1) Install the launcher#
# Create and activate virtual environment
python3 -m venv venv
source venv/bin/activate
# Install NeMo Evaluator launcher
pip install nemo-evaluator-launcher
# Optional: Install with specific exporters
pip install "nemo-evaluator-launcher[mlflow,wandb,gsheets]" # All exporters
pip install "nemo-evaluator-launcher[mlflow]" # MLflow only
pip install "nemo-evaluator-launcher[wandb]" # W&B only
pip install "nemo-evaluator-launcher[gsheets]" # Google Sheets only
Requirements:
Python 3.10 to 3.13
Docker (for local execution)
Access to model endpoints (hosted or self-deployed)
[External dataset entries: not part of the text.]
lemma b_col_3_2_cong_0_mod_2:
  assumes "0 < m" "3 dvd m" "n mod 3 = 2"
  shows "\<exists>c::int. b_col 3 2 m n = of_int (2 * c)"
proof -
  define E where "E r = eta_trunc r n" for r
  have iE: "int_fps (E r)" for r
    unfolding E_def by (rule int_fps_eta_trunc)
  have E0: "E r $ 0 = 1" if "0 < r" for r
    unfolding E_def using that by (rule eta_trunc_nth_0)
  have frob: "fps_cong 2 (E (2 * r)) (E r ^ 2)" for r
    unfolding E_def using fps_cong_eta_trunc_power_prime[of 2 r n] by (simp add: fps_cong_sym)
  have cong: "fps_cong 2 ((E 2 ^ 3 * E m ^ 3) / (E 1 ^ 3 * E (2 * m) ^ 3))
      (((E 1 ^ 2) ^ 3 * E m ^ 3) / (E 1 ^ 3 * (E m ^ 2) ^ 3))"
    using frob[of 1] frob[of m] assms(1)
    by (intro fps_cong_divide fps_cong_mult fps_cong_power fps_cong_refl int_fps_mult int_fps_power iE)
      (simp_all add: E0 fps_nth_power_0)
  have "E 1 ^ 3 * E m ^ 3 \<noteq> 0"
    using E0[of 1] E0[of m] assms(1) by (auto simp: fps_nth_power_0 dest: arg_cong[of _ _ "\<lambda>F. F $ 0"])
  then have quotient: "((E 1 ^ 2) ^ 3 * E m ^ 3) / (E 1 ^ 3 * (E m ^ 2) ^ 3) = E 1 ^ 3 / E m ^ 3"
    using fps_divide_cancel[of "E 1 ^ 3 * E m ^ 3" "E 1 ^ 3" "E m ^ 3"] by (simp add: algebra_simps flip: power_mult power_add)
  have "(E 1 ^ 3 * inverse (E m ^ 3)) $ n = 0"
  proof (rule fps_in_X_power_mult_nth_eq_0)
    show "fps_in_X_power 3 (inverse (E m ^ 3))"
      unfolding E_def using assms(2)
      by (intro fps_in_X_power_inverse fps_in_X_power_power fps_in_X_power_eta_trunc)
    show "(E 1 ^ 3) $ i = 0" if "i \<le> n" "i mod 3 = n mod 3" for i
      using qpoch_cube_nth_eq_0[of i n] that assms(3)
      by (simp add: E_def eta_trunc_def qpoch_def)
  qed
  then have "(E 1 ^ 3 / E m ^ 3) $ n = 0"
    using E0[of m] assms(1) by (simp add: fps_divide_unit fps_nth_power_0)
  then show ?thesis
    unfolding b_col_def E_def[symmetric] by (rule fps_cong_nth[OF cong, unfolded quotient])
qed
2) Prerequisite: an OpenAI-compatible endpoint#
NeMo Evaluator sends OpenAI-compatible requests to your model during evaluation. You must have an endpoint that accepts either chat or completions API calls and can handle the evaluation load.
Hosted endpoints (fastest):
build.nvidia.com (ready-to-use hosted models): Hosted models expose OpenAI‑compatible APIs and work out of the box for evaluations — no hosting required. This is the fastest, least‑effort path to run evals across available endpoints.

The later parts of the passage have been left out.